▸ WHAT THE TASK ASKS: Please copy the leading lines of the entries below exactly, concluding with the line in which "(a,b,c,d) = a*d" occurs.

▸ RECORDS:
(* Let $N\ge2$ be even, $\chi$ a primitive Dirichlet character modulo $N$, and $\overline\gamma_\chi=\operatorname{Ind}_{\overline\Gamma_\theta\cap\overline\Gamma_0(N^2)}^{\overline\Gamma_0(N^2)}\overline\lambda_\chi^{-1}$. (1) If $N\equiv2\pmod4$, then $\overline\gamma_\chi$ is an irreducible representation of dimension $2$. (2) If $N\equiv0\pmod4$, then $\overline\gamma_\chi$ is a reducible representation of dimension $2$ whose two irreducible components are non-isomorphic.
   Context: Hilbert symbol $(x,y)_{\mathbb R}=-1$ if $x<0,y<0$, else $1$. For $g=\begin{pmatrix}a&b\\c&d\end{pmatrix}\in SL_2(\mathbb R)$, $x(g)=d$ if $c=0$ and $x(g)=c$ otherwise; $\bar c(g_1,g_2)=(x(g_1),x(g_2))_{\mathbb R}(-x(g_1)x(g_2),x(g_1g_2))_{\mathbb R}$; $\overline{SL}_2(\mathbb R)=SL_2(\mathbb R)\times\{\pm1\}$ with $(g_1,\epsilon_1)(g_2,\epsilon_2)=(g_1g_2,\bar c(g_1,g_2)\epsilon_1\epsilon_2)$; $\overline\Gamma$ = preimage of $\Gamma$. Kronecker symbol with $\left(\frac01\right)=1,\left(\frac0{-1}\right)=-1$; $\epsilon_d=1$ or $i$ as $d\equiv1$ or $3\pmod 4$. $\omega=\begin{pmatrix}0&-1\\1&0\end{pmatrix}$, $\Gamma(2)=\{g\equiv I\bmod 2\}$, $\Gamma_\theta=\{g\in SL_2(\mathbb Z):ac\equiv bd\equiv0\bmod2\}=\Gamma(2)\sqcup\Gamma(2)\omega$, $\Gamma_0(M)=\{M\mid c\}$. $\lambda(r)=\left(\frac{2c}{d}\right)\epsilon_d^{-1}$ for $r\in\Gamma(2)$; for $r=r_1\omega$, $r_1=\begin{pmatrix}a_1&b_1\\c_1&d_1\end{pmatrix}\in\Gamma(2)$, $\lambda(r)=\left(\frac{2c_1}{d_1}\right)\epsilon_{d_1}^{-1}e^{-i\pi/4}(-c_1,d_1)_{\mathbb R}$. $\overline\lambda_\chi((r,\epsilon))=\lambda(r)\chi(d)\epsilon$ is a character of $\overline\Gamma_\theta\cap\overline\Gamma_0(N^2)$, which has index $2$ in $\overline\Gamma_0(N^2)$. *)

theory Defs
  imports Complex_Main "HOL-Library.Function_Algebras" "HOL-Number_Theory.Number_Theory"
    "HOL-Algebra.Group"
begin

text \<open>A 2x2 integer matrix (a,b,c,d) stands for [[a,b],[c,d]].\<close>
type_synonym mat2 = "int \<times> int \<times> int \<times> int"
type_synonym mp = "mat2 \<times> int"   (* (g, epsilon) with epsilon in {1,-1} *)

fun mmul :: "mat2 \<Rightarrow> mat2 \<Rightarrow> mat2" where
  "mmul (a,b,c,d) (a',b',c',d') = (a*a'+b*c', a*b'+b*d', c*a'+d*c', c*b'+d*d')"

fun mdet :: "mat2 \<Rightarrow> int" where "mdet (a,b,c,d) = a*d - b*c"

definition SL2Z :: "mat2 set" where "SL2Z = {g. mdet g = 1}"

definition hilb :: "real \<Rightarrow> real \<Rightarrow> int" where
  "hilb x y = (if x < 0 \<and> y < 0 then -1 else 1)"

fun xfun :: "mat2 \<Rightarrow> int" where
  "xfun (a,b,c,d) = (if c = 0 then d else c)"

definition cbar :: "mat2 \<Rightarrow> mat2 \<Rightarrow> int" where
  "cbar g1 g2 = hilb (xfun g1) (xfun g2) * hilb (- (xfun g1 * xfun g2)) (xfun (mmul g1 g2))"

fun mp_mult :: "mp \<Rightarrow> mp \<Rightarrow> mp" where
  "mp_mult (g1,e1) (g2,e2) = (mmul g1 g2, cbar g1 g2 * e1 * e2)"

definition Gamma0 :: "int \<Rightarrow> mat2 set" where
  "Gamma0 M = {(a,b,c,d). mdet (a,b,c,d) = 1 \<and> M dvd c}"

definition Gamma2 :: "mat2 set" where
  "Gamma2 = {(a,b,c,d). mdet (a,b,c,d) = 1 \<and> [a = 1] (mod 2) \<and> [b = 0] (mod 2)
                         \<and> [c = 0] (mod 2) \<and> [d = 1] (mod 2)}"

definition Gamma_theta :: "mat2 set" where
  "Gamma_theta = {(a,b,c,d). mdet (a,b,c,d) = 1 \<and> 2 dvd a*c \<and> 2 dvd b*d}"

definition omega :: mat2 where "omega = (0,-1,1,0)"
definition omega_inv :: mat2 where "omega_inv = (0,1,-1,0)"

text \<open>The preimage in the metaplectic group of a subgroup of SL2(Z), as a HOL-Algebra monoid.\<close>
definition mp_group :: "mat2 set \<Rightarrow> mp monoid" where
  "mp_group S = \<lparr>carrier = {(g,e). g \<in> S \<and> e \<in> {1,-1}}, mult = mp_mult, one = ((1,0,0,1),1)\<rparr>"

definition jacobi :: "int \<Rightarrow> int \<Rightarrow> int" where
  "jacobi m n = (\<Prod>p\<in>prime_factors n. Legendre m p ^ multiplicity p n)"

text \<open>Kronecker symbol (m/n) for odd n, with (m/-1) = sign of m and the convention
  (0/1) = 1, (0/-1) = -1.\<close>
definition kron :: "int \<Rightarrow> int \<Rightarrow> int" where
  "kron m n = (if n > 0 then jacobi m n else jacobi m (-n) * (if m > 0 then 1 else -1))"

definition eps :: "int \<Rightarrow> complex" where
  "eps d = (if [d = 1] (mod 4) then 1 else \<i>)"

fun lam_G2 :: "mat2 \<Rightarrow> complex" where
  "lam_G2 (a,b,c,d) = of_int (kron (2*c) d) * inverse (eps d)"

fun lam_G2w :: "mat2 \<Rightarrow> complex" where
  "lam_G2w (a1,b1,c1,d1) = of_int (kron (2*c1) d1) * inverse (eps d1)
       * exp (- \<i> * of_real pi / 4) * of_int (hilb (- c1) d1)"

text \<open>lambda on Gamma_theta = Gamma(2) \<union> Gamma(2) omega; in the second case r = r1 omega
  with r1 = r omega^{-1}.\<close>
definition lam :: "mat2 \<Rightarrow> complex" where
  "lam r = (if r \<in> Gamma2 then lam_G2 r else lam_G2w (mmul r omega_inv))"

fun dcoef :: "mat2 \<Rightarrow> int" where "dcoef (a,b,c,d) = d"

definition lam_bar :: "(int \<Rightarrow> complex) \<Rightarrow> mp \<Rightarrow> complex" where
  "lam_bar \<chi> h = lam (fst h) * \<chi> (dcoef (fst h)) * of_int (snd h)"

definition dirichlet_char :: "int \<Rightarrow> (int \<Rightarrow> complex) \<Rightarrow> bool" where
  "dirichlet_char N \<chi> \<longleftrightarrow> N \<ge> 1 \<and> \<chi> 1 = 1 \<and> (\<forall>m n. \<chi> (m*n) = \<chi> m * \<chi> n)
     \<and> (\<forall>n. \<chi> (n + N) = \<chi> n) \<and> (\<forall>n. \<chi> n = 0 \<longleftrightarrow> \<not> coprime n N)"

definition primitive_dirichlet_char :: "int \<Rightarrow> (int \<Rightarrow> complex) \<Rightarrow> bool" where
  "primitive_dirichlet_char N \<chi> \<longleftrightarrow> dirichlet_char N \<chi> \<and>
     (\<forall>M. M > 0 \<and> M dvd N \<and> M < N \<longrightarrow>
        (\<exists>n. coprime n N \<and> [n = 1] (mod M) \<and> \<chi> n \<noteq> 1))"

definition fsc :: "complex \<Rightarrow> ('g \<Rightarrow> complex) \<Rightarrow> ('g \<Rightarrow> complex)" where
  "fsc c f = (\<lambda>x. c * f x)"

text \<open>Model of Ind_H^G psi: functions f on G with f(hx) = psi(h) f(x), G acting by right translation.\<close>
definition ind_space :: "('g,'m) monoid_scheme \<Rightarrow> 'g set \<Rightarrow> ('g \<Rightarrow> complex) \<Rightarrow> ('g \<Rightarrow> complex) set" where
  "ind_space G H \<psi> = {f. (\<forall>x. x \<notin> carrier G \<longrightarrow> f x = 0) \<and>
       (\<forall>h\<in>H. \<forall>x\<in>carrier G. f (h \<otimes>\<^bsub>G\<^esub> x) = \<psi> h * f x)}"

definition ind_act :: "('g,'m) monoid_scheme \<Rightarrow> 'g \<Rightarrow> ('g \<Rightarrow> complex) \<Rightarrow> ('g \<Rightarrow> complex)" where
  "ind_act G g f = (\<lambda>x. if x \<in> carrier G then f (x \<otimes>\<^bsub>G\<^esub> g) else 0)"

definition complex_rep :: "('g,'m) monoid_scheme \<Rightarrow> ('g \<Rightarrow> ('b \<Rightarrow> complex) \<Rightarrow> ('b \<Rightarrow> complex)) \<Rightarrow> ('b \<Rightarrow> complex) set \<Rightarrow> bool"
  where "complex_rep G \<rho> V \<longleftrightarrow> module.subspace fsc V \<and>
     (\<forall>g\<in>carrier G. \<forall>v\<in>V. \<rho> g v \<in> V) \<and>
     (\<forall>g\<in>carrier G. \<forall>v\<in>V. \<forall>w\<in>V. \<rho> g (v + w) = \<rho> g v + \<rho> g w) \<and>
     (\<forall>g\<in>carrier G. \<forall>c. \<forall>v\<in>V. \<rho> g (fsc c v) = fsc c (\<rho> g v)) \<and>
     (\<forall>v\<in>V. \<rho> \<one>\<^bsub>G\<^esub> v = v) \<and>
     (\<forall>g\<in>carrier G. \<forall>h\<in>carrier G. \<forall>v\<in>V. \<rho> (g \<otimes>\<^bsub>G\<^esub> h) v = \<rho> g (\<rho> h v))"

▸ SOLUTION:
(* Let $N\ge2$ be even, $\chi$ a primitive Dirichlet character modulo $N$, and $\overline\gamma_\chi=\operatorname{Ind}_{\overline\Gamma_\theta\cap\overline\Gamma_0(N^2)}^{\overline\Gamma_0(N^2)}\overline\lambda_\chi^{-1}$. (1) If $N\equiv2\pmod4$, then $\overline\gamma_\chi$ is an irreducible representation of dimension $2$. (2) If $N\equiv0\pmod4$, then $\overline\gamma_\chi$ is a reducible representation of dimension $2$ whose two irreducible components are non-isomorphic.
   Context: Hilbert symbol $(x,y)_{\mathbb R}=-1$ if $x<0,y<0$, else $1$. For $g=\begin{pmatrix}a&b\\c&d\end{pmatrix}\in SL_2(\mathbb R)$, $x(g)=d$ if $c=0$ and $x(g)=c$ otherwise; $\bar c(g_1,g_2)=(x(g_1),x(g_2))_{\mathbb R}(-x(g_1)x(g_2),x(g_1g_2))_{\mathbb R}$; $\overline{SL}_2(\mathbb R)=SL_2(\mathbb R)\times\{\pm1\}$ with $(g_1,\epsilon_1)(g_2,\epsilon_2)=(g_1g_2,\bar c(g_1,g_2)\epsilon_1\epsilon_2)$; $\overline\Gamma$ = preimage of $\Gamma$. Kronecker symbol with $\left(\frac01\right)=1,\left(\frac0{-1}\right)=-1$; $\epsilon_d=1$ or $i$ as $d\equiv1$ or $3\pmod 4$. $\omega=\begin{pmatrix}0&-1\\1&0\end{pmatrix}$, $\Gamma(2)=\{g\equiv I\bmod 2\}$, $\Gamma_\theta=\{g\in SL_2(\mathbb Z):ac\equiv bd\equiv0\bmod2\}=\Gamma(2)\sqcup\Gamma(2)\omega$, $\Gamma_0(M)=\{M\mid c\}$. $\lambda(r)=\left(\frac{2c}{d}\right)\epsilon_d^{-1}$ for $r\in\Gamma(2)$; for $r=r_1\omega$, $r_1=\begin{pmatrix}a_1&b_1\\c_1&d_1\end{pmatrix}\in\Gamma(2)$, $\lambda(r)=\left(\frac{2c_1}{d_1}\right)\epsilon_{d_1}^{-1}e^{-i\pi/4}(-c_1,d_1)_{\mathbb R}$. $\overline\lambda_\chi((r,\epsilon))=\lambda(r)\chi(d)\epsilon$ is a character of $\overline\Gamma_\theta\cap\overline\Gamma_0(N^2)$, which has index $2$ in $\overline\Gamma_0(N^2)$. *)

theory Defs
  imports Complex_Main "HOL-Library.Function_Algebras" "HOL-Number_Theory.Number_Theory"
    "HOL-Algebra.Group"
begin

text \<open>A 2x2 integer matrix (a,b,c,d) stands for [[a,b],[c,d]].\<close>
type_synonym mat2 = "int \<times> int \<times> int \<times> int"
type_synonym mp = "mat2 \<times> int"   (* (g, epsilon) with epsilon in {1,-1} *)

fun mmul :: "mat2 \<Rightarrow> mat2 \<Rightarrow> mat2" where
  "mmul (a,b,c,d) (a',b',c',d') = (a*a'+b*c', a*b'+b*d', c*a'+d*c', c*b'+d*d')"

fun mdet :: "mat2 \<Rightarrow> int" where "mdet (a,b,c,d) = a*d - b*c"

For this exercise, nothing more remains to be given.